И тут же спохватился:
— Извините. У вас как-то необычно.
Действительно, многое было необычным в тот предзимний месяц 1948 года: Валентина Кирикова выходила замуж за Михаила Кирикова. Мало того. что молодожены были однофамильцами и соседями, они на долгие годы дали досужую тему «для завалинки» мстёрским кумушкам своим «неравным браком».
...Валентина Николаевна потчует меня чаем с «царским вареньем», ворошит в печке угли н тихонько вспоминает, словно напевая:
— Хорошо мы жизнь прожили. А брак у нас по правде был «неравным». Мне тогда, в сорок восьмом, было двадцать три года, а Мише уже сорок шестой шёл. Но нет, не так, совсем не так. как на картине Пукирева... Миша у меня был стройный, молодой, красивый. Хоть и возраст. Я и не ощущала всю жизнь этой разницы. Мы никогда ни в чём не расходились. А самое главное — жили просто. Люди от роскоши не могут друг с другом поладить, а мы жили всю жизнь на одну зарплату. Миша и замом и председателем правления «Пролетарского искусства» с 1953 по 1964 годы был... Сейчас вон думают, что если денег побольше накопишь да мебелью побогаче обставишься, так и счастье придет. Нет, счастье оно в чем-то в другом. Мы никогда к богатству не стремились, у нас все просто, а хорошо жизнь прожили. Хорошо. Миша все годы драмкружком руководил, пока не слег, сам играл. Детей вырастили, внучки приезжают погостить, снохи хорошие попались...
Михаил Иосифович, отдохнув и услышав наши голоса в горнице, спрашивает из своей комнаты:
— Валя, а ты Васину «Троицу» показала?
Фотографию, где удивительная копия рублевской «Троицы» (признанная экспертами лучшей копией века) снята рядом с подлинником, Валентина Михайловна приносит вместе с другими снимками, выставочными проспектами, рекламными плакатами.

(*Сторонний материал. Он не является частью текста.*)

lemma inner_lc_conn_bracket:
  "lc_conn br \<Phi> (br (P x) (P y)) (P y) \<bullet> x =
     (1/2) * (\<Phi> (br (P x) (P y)) \<bullet> br (P x) (P y)
       - br (P x) (P y) \<bullet> br x (P y) - br (P x) (P y) \<bullet> br (P x) y)"
proof -
  note PQ = selfadjoint_inversesD[OF inverses]
  define W where "W = br (P x) (P y)"
  have "lc_conn br \<Phi> W (P y) \<bullet> x = (1/2) * (br W (P y) \<bullet> x + br W y \<bullet> P x + br (P y) (\<Phi> W) \<bullet> P x)"
    unfolding inner_lc_conn by (simp add: PQ(3))
  also have "\<dots> = (1/2) * (\<Phi> W \<bullet> W - W \<bullet> br x (P y) - W \<bullet> br (P x) y)"
  proof -
    have rot: "br (P y) w \<bullet> z = w \<bullet> br z (P y)" for w z
      by (rule inner_bracket_rotate)
    have rot_neg: "br W w \<bullet> z = - (W \<bullet> br z w)" for w z
      by (rule inner_bracket_rotate_neg)
    show ?thesis
      by (simp only: rot rot_neg W_def[symmetric]) simp
  qed
  finally show ?thesis
    unfolding W_def .
qed

lemma sec_k_eq_curvature_form: "sec_k br \<Phi> (P x) (P y) = curvature_form P \<Phi> x y"
proof -
  note PQ = selfadjoint_inversesD[OF inverses]
  have "sec_k br \<Phi> (P x) (P y) = curv br \<Phi> (P x) (P y) (P y) \<bullet> x"
    unfolding sec_k_def by (simp add: PQ(3,5))
  also have "\<dots> = lc_conn br \<Phi> (P x) (lc_conn br \<Phi> (P y) (P y)) \<bullet> x
      - lc_conn br \<Phi> (P y) (lc_conn br \<Phi> (P x) (P y)) \<bullet> x
      - lc_conn br \<Phi> (br (P x) (P y)) (P y) \<bullet> x"
    unfolding curv_def by (simp add: inner_diff_left)
  also have "\<dots> = curvature_form P \<Phi> x y"
    unfolding inner_lc_conn_diag inner_lc_conn_inverses inner_lc_conn_bracket curvature_form_def
    by (simp add: inner_add_left inner_commute algebra_simps)
  finally show ?thesis .
qed
theorem mainTheorem2:
  fixes n :: nat and f :: "(nat \<Rightarrow> real) \<Rightarrow> real"
  assumes "n \<ge> 1"
    and "\<And>x. x \<in> cube n \<Longrightarrow> f x \<in> {-1, 1}"
  shows "spectral_entropy n f \<le> (1 / ln 2) * (3 * total_infl n f +
           (\<Sum>k<n. if infl_k n f k = 0 then 0
                    else infl_k n f k * ln (4 / infl_k n f k)))"
proof -
  define W where "W S = (fourier n f S)\<^sup>2" for S
  define p where "p k = infl_k n f k" for k
  have entropy_W: "shannon_entropy (Pow {..<n}) W \<le> (\<Sum>k<n. binary_entropy (p k))"
  proof (rule shannon_entropy_le_sum_binary_entropy)
    show "(\<Sum>S\<in>Pow {..<n}. W S) = 1"
      unfolding W_def by (rule sum_fourier_squared_boolean[OF assms(2)])
    show "(\<Sum>S\<in>Pow {..<n}. if k \<in> S then W S else 0) = p k" if "k \<in> {..<n}" for k
      unfolding W_def p_def using infl_k_eq_fourier_weight[of k n f] assms(2) that by simp
  qed (simp_all add: W_def)
  have binary_entropy_p: "binary_entropy (p k) \<le> 3 * p k + (if p k = 0 then 0 else p k * ln (4 / p k))"
    for k
  proof -
    have "0 \<le> p k" "p k \<le> 1" using infl_k_bounds[of n f k] by (auto simp: p_def)
    moreover have "p k * ln (1 / p k) \<le> p k * ln (4 / p k)" if "p k > 0"
      using that by (intro mult_left_mono) (auto intro: divide_right_mono)
    ultimately show ?thesis using binary_entropy_le[of "p k"] by (cases "p k = 0"; simp; linarith)
  qed
  have "spectral_entropy n f = (1 / ln 2) * shannon_entropy (Pow {..<n}) W"
    unfolding spectral_entropy_def shannon_entropy_def sum_distrib_left
    by (intro sum.cong refl) (simp add: W_def log_def)
  also have "\<dots> \<le> (1 / ln 2) * (\<Sum>k<n. 3 * p k + (if p k = 0 then 0 else p k * ln (4 / p k)))"
    using order_trans[OF entropy_W sum_mono[OF binary_entropy_p]] by (intro mult_left_mono) auto
  also have "\<dots> = (1 / ln 2) * (3 * total_infl n f +
           (\<Sum>k<n. if infl_k n f k = 0 then 0 else infl_k n f k * ln (4 / infl_k n f k)))"
    unfolding p_def total_infl_def by (simp add: sum.distrib sum_distrib_left)
  finally show ?thesis .
qed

Это — память о брате Михаила Иосифовича Василии, одном из крупнейших советских реставраторов.
С богатой многоцветной афиши, какие во множестве красовались по московским рекламным щитам в начале 1973 года, смотрит на вас, задорно обернувшись, знаменитая Саския, а красивым шрифтом вместо «Рембрандт» неожиданно набрано: «Кириков Василий Осипович».
Выставка, где уникальные по исполнению копии шедевров мировой живописи соседствовали с поэтическими пейзажами, написанными в большинстве на Таре в Черноморье под Мстёрой, — удалась. Газеты писали: «Когда знаменитые ученые увидели рядом две «Троицы», они долго не могли определить, где копия, а где оригинал. В конце концов ошиблись!»

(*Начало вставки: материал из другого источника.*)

(* Let $K$ be a compact scattered space. If a space $X$ is regular and $K$-selective, then every open subspace of $X$ is $K$-selective.
   Context: All spaces are assumed $T_1$. A space is scattered if every nonempty subspace has an isolated point. For spaces $Y$, $X$, a map $\varphi:Y\to\mathcal P(X)\setminus\{\emptyset\}$ is lower semicontinuous (l.s.c.) if $\{y:\varphi(y)\cap U\neq\emptyset\}$ is open in $Y$ for every open $U\subseteq X$; a selection is a map $f:Y\to X$ with $f(y)\in\varphi(y)$ for all $y$. $X$ is $Y$-selective if every l.s.c. map from $Y$ to the nonempty closed subsets of $X$ has a continuous selection. *)

theory Defs
  imports "HOL-Analysis.Analysis"
begin

definition scattered_space :: "'a topology \<Rightarrow> bool" where
  "scattered_space Y \<longleftrightarrow>
     (\<forall>S. S \<subseteq> topspace Y \<and> S \<noteq> {} \<longrightarrow>
        (\<exists>x\<in>S. \<exists>U. openin Y U \<and> U \<inter> S = {x}))"

definition lsc_map :: "'a topology \<Rightarrow> 'b topology \<Rightarrow> ('a \<Rightarrow> 'b set) \<Rightarrow> bool" where
  "lsc_map Y X \<phi> \<longleftrightarrow>
     (\<forall>y\<in>topspace Y. \<phi> y \<subseteq> topspace X \<and> \<phi> y \<noteq> {}) \<and>
     (\<forall>U. openin X U \<longrightarrow> openin Y {y \<in> topspace Y. \<phi> y \<inter> U \<noteq> {}})"

text \<open>X is Y-selective: every l.s.c. map from Y to the nonempty closed subsets of X
  has a continuous selection.\<close>
definition selective :: "'a topology \<Rightarrow> 'b topology \<Rightarrow> bool" where
  "selective Y X \<longleftrightarrow>
     (\<forall>\<phi>. lsc_map Y X \<phi> \<and> (\<forall>y\<in>topspace Y. closedin X (\<phi> y)) \<longrightarrow>
        (\<exists>f. continuous_map Y X f \<and> (\<forall>y\<in>topspace Y. f y \<in> \<phi> y)))"

end

theory Submission
  imports Defs
begin

text \<open>Compactness of \<open>K\<close> and regularity of \<open>X\<close> are all that is needed. Given an l.s.c. map \<open>\<phi>\<close> into the nonempty closed subsets of an open \<open>U \<subseteq> X\<close>,
  regularity and compactness give an open \<open>V\<close> with \<open>X closure_of V \<subseteq> U\<close> meeting every \<open>\<phi> y\<close>.
  The map \<open>y \<mapsto> X closure_of (\<phi> y \<inter> V)\<close> is l.s.c. with closed values in \<open>X\<close>, so it has a
  continuous selection; its values lie in \<open>U\<close>, and there inside \<open>\<phi> y\<close> because \<open>\<phi> y\<close> is
  closed in \<open>U\<close>.\<close>

lemma regular_space_open_closure_of_subset:
  assumes "regular_space X" "openin X U" "x \<in> U"
  obtains V where "openin X V" "x \<in> V" "X closure_of V \<subseteq> U"
proof -
  have "closedin X (topspace X - U)" "x \<in> topspace X - (topspace X - U)"
    using assms(2,3) openin_subset by fastforce+
  then obtain V where "openin X V" "x \<in> V" "disjnt (topspace X - U) (X closure_of V)"
    using assms(1) unfolding regular_space by blast
  moreover have "X closure_of V \<subseteq> topspace X"
    by (rule closure_of_subset_topspace)
  ultimately have "X closure_of V \<subseteq> U"
    by (auto simp: disjnt_iff)
  with \<open>openin X V\<close> \<open>x \<in> V\<close> show thesis
    using that by blast
qed

lemma lsc_map_from_subtopology:
  assumes "lsc_map Y (subtopology X U) \<phi>"
  shows "lsc_map Y X \<phi>"
  unfolding lsc_map_def
proof (intro conjI ballI allI impI)
  fix y assume "y \<in> topspace Y"
  then show "\<phi> y \<subseteq> topspace X" "\<phi> y \<noteq> {}"
    using assms unfolding lsc_map_def by auto
next
  fix H assume "openin X H"
  then have "openin (subtopology X U) (U \<inter> H)"
    by (auto simp: openin_subtopology)
  moreover have "\<phi> y \<inter> (U \<inter> H) = \<phi> y \<inter> H" if "y \<in> topspace Y" for y
    using assms that unfolding lsc_map_def by auto
  ultimately show "openin Y {y \<in> topspace Y. \<phi> y \<inter> H \<noteq> {}}"
    using assms unfolding lsc_map_def
    by (smt (verit, best) Collect_cong)
qed

lemma compact_lsc_map_meets_open_with_closure_of_subset:
  assumes K: "compact_space K" and X: "regular_space X" "openin X U"
    and \<phi>: "lsc_map K X \<phi>" "\<And>y. y \<in> topspace K \<Longrightarrow> \<phi> y \<subseteq> U"
  obtains V where "openin X V" "X closure_of V \<subseteq> U"
    "\<And>y. y \<in> topspace K \<Longrightarrow> \<phi> y \<inter> V \<noteq> {}"
proof -
  define \<V> where "\<V> = {V. openin X V \<and> X closure_of V \<subseteq> U}"
  define hits where "hits V = {y \<in> topspace K. \<phi> y \<inter> V \<noteq> {}}" for V
  have "topspace K \<subseteq> \<Union>(hits ` \<V>)"
  proof
    fix y assume y: "y \<in> topspace K"
    then obtain x where x: "x \<in> \<phi> y"
      using \<phi>(1) unfolding lsc_map_def by blast
    then obtain V where "openin X V" "x \<in> V" "X closure_of V \<subseteq> U"
      using regular_space_open_closure_of_subset[OF X] \<phi>(2)[OF y] by blast
    with x y show "y \<in> \<Union>(hits ` \<V>)"
      unfolding \<V>_def hits_def by blast
  qed
  moreover have "\<forall>S \<in> hits ` \<V>. openin K S"
    using \<phi>(1) unfolding lsc_map_def hits_def \<V>_def by blast
  ultimately obtain \<F> where "finite \<F>" "\<F> \<subseteq> hits ` \<V>" "topspace K \<subseteq> \<Union>\<F>"
    using K unfolding compact_space_alt by meson
  then obtain \<G> where \<G>: "finite \<G>" "\<G> \<subseteq> \<V>" "topspace K \<subseteq> \<Union>(hits ` \<G>)"
    by (metis finite_subset_image)
  show thesis
  proof
    show "openin X (\<Union>\<G>)" "X closure_of \<Union>\<G> \<subseteq> U"
      using \<G>(1,2) unfolding \<V>_def by (auto simp: closure_of_Union)
    show "\<phi> y \<inter> \<Union>\<G> \<noteq> {}" if "y \<in> topspace K" for y
      using \<G>(3) that unfolding hits_def by blast
  qed
qed

lemma lsc_map_closure_of_Int_open:
  assumes "lsc_map Y X \<phi>" "openin X V" "\<And>y. y \<in> topspace Y \<Longrightarrow> \<phi> y \<inter> V \<noteq> {}"
  shows "lsc_map Y X (\<lambda>y. X closure_of (\<phi> y \<inter> V))"
  unfolding lsc_map_def
proof (intro conjI ballI allI impI)
  fix y assume y: "y \<in> topspace Y"
  show "X closure_of (\<phi> y \<inter> V) \<subseteq> topspace X"
    by (rule closure_of_subset_topspace)
  have "\<phi> y \<inter> V \<subseteq> X closure_of (\<phi> y \<inter> V)"
    using assms(1) y unfolding lsc_map_def by (intro closure_of_subset) auto
  then show "X closure_of (\<phi> y \<inter> V) \<noteq> {}"
    using assms(3)[OF y] by blast
next
  fix H assume H: "openin X H"
  text \<open>An open set meets a closure iff it meets the set itself.\<close>
  have "X closure_of (\<phi> y \<inter> V) \<inter> H \<noteq> {} \<longleftrightarrow> \<phi> y \<inter> (V \<inter> H) \<noteq> {}" for y
    using openin_Int_closure_of_eq_empty[OF H] by (auto simp: Int_ac)
  moreover have "openin Y {y \<in> topspace Y. \<phi> y \<inter> (V \<inter> H) \<noteq> {}}"
    using assms(1,2) H unfolding lsc_map_def by blast
  ultimately show "openin Y {y \<in> topspace Y. X closure_of (\<phi> y \<inter> V) \<inter> H \<noteq> {}}"
    by simp
qed

lemma closure_of_Int_subset_closedin_subtopology:
  assumes "closedin (subtopology X U) S" "X closure_of V \<subseteq> U"
  shows "X closure_of (S \<inter> V) \<subseteq> S"
proof -
  have "X closure_of (S \<inter> V) \<subseteq> U \<inter> X closure_of (U \<inter> S)"
    using assms(2) closure_of_mono[of "S \<inter> V" V X] closure_of_mono[of "S \<inter> V" "U \<inter> S" X]
      closedin_subset[OF assms(1)] by auto
  also have "\<dots> = S"
    using assms(1) by (simp add: closure_of_subtopology[symmetric] closure_of_closedin)
  finally show ?thesis .
qed

theorem mainTheorem10:
  fixes K :: "'a topology" and X :: "'b topology" and U :: "'b set"
  assumes "t1_space K" and "compact_space K" and "scattered_space K"
    and "t1_space X" and "regular_space X" and "selective K X"
    and "openin X U"
  shows "selective K (subtopology X U)"
  unfolding selective_def
proof (intro allI impI)
  fix \<phi> :: "'a \<Rightarrow> 'b set"
  assume "lsc_map K (subtopology X U) \<phi> \<and> (\<forall>y\<in>topspace K. closedin (subtopology X U) (\<phi> y))"
  then have \<phi>: "lsc_map K (subtopology X U) \<phi>" "\<And>y. y \<in> topspace K \<Longrightarrow> closedin (subtopology X U) (\<phi> y)"
    by auto
  then have \<phi>U: "\<phi> y \<subseteq> U" if "y \<in> topspace K" for y
    using that closedin_subset by fastforce
  obtain V where V: "openin X V" "X closure_of V \<subseteq> U" "\<And>y. y \<in> topspace K \<Longrightarrow> \<phi> y \<inter> V \<noteq> {}"
    using compact_lsc_map_meets_open_with_closure_of_subset[OF assms(2,5,7)
        lsc_map_from_subtopology[OF \<phi>(1)] \<phi>U] by blast
  obtain g where g: "continuous_map K X g" "\<And>y. y \<in> topspace K \<Longrightarrow> g y \<in> X closure_of (\<phi> y \<inter> V)"
    using assms(6) lsc_map_closure_of_Int_open[OF lsc_map_from_subtopology[OF \<phi>(1)] V(1,3)]
    unfolding selective_def by force
  have g\<phi>: "g y \<in> \<phi> y" if "y \<in> topspace K" for y
    using g(2) closure_of_Int_subset_closedin_subtopology[OF \<phi>(2) V(2)] that by blast
  have "continuous_map K (subtopology X U) g"
    using g(1) g\<phi> \<phi>U by (auto intro: continuous_map_into_subtopology)
  with g\<phi> show "\<exists>f. continuous_map K (subtopology X U) f \<and> (\<forall>y\<in>topspace K. f y \<in> \<phi> y)"
    by blast
qed

end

...Отчества братьев Василия и Михаила Кириковых дьяк Мстёрской церкви в начале века записал в книгу почему-то не одинаково. Так и в паспорта потом попало: Василий — Осипович, а Михаил — Иосифович.

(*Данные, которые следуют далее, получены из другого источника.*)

lemma join_least:
  assumes "x \<in> A" "y \<in> A" "w \<in> A" "x \<sqsubseteq> w" "y \<sqsubseteq> w"
  shows "x \<squnion> y \<sqsubseteq> w"
proof -
  have join_le: "p \<squnion> w = w" if "p \<in> A" "p \<sqsubseteq> w" for p
    using join_meet_absorb[OF assms(3) that(1)] meet_comm[OF assms(3) that(1)] that
      join_comm[OF that(1) assms(3)] by (simp add: le_def)
  have "x \<squnion> y \<squnion> w = w"
    using assms join_le by (simp add: join_assoc[symmetric])
  then have "(x \<squnion> y) \<sqinter> w = (x \<squnion> y) \<sqinter> (x \<squnion> y \<squnion> w)" by simp
  then show ?thesis
    using assms by (simp add: le_def meet_join_absorb join_closed)
qed

lemma meet_join_distrib:
  assumes x: "x \<in> A" and y: "y \<in> A" and c: "c \<in> A"
  shows "(x \<squnion> y) \<sqinter> c = x \<sqinter> c \<squnion> y \<sqinter> c"
proof (rule le_antisym)
  let ?r = "x \<sqinter> c \<squnion> y \<sqinter> c"
  have r: "?r \<in> A" using assms by (simp add: join_closed meet_closed)
  have "x \<sqsubseteq> c \<leadsto> ?r" "y \<sqsubseteq> c \<leadsto> ?r"
    using residuation[OF c r x] residuation[OF c r y]
      join_upper1[OF meet_closed[OF x c] meet_closed[OF y c]]
      join_upper2[OF meet_closed[OF x c] meet_closed[OF y c]] by simp_all
  then have "x \<squnion> y \<sqsubseteq> c \<leadsto> ?r"
    using join_least[OF x y imp_closed[OF c r]] by simp
  then show "(x \<squnion> y) \<sqinter> c \<sqsubseteq> ?r"
    using residuation[OF c r join_closed[OF x y]] by simp
  have below: "p \<sqinter> c \<sqsubseteq> (x \<squnion> y) \<sqinter> c" if "p \<in> A" "p \<sqsubseteq> x \<squnion> y" for p
  proof (rule le_meetI)
    show "p \<sqinter> c \<sqsubseteq> x \<squnion> y"
      using le_trans[OF _ that(1) _ meet_le1[OF that(1) c] that(2)] that(1) assms
      by (simp add: meet_closed join_closed)
    show "p \<sqinter> c \<sqsubseteq> c" using meet_le2[OF that(1) c] .
  qed (use that assms in \<open>simp_all add: meet_closed join_closed\<close>)
  show "?r \<sqsubseteq> (x \<squnion> y) \<sqinter> c"
    using join_least[OF _ _ _ below[OF x join_upper1[OF x y]] below[OF y join_upper2[OF x y]]] assms
    by (simp add: meet_closed join_closed)
qed (use assms in \<open>simp_all add: join_closed meet_closed\<close>)

end

section \<open>Two congruences that agree on a subuniverse\<close>

definition compatible :: "('a \<times> 'a) set \<Rightarrow> ('a \<Rightarrow> 'a \<Rightarrow> 'a) \<Rightarrow> bool" where
  "compatible \<psi> F \<longleftrightarrow> (\<forall>x y z w. (x, y) \<in> \<psi> \<longrightarrow> (z, w) \<in> \<psi> \<longrightarrow> (F x z, F y w) \<in> \<psi>)"

lemma compatibleI:
  "(\<And>x y z w. (x, y) \<in> \<psi> \<Longrightarrow> (z, w) \<in> \<psi> \<Longrightarrow> (F x z, F y w) \<in> \<psi>) \<Longrightarrow> compatible \<psi> F"
  unfolding compatible_def by blast

lemma compatibleD: "compatible \<psi> F \<Longrightarrow> (x, y) \<in> \<psi> \<Longrightarrow> (z, w) \<in> \<psi> \<Longrightarrow> (F x z, F y w) \<in> \<psi>"
  unfolding compatible_def by blast

context implicative_semilattice_on
begin

definition cong :: "('a \<times> 'a) set \<Rightarrow> bool" where
  "cong \<psi> \<longleftrightarrow> equiv A \<psi> \<and> compatible \<psi> (\<sqinter>) \<and> compatible \<psi> (\<leadsto>)"

definition subuniverse :: "'a set \<Rightarrow> bool" where
  "subuniverse S \<longleftrightarrow> S \<subseteq> A \<and> \<top> \<in> S \<and> (\<forall>x\<in>S. \<forall>y\<in>S. x \<sqinter> y \<in> S \<and> x \<leadsto> y \<in> S)"

text \<open>\<open>collapse \<psi> c\<close> is the congruence generated by \<open>\<psi>\<close> and the pair \<open>(c, \<top>)\<close>;
  \<open>collapse_over \<psi> S b\<close> is the directed union of the \<open>collapse \<psi> a\<close> with \<open>a \<in> S\<close> above \<open>b\<close>
  modulo \<open>\<psi>\<close>. The two agree on \<open>S\<close>, but only the first identifies \<open>b\<close> with \<open>\<top>\<close>.\<close>

definition collapse :: "('a \<times> 'a) set \<Rightarrow> 'a \<Rightarrow> ('a \<times> 'a) set" where
  "collapse \<psi> c = {(x, y). x \<in> A \<and> y \<in> A \<and> (x \<sqinter> c, y \<sqinter> c) \<in> \<psi>}"

definition collapse_over :: "('a \<times> 'a) set \<Rightarrow> 'a set \<Rightarrow> 'a \<Rightarrow> ('a \<times> 'a) set" where
  "collapse_over \<psi> S b = (\<Union>a \<in> {a \<in> S. (a \<sqinter> b, b) \<in> \<psi>}. collapse \<psi> a)"

context
  fixes \<psi> assumes \<psi>: "cong \<psi>"
begin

Два брата. Прожили они один во Мстёре, другой в Москве внешне скромную, но удивительно богатую жизнь, и остается только удивляться, что их имена в наших краях мало известны. Да и только ли в наших...
Писатель Леонид Леонов сетовал в «Правде», побывав на выставке работ Василия Осиповича Кирикова: «По вине нашего нелюбопытства этот большой мастер и скромный труженик за весь полувековой рабочий путь лишь вторично появляется на выставочных стендах. Меж тем ему обязаны наши музеи возвращением к жизни многих первоклассных сокровищ нашего средневековья».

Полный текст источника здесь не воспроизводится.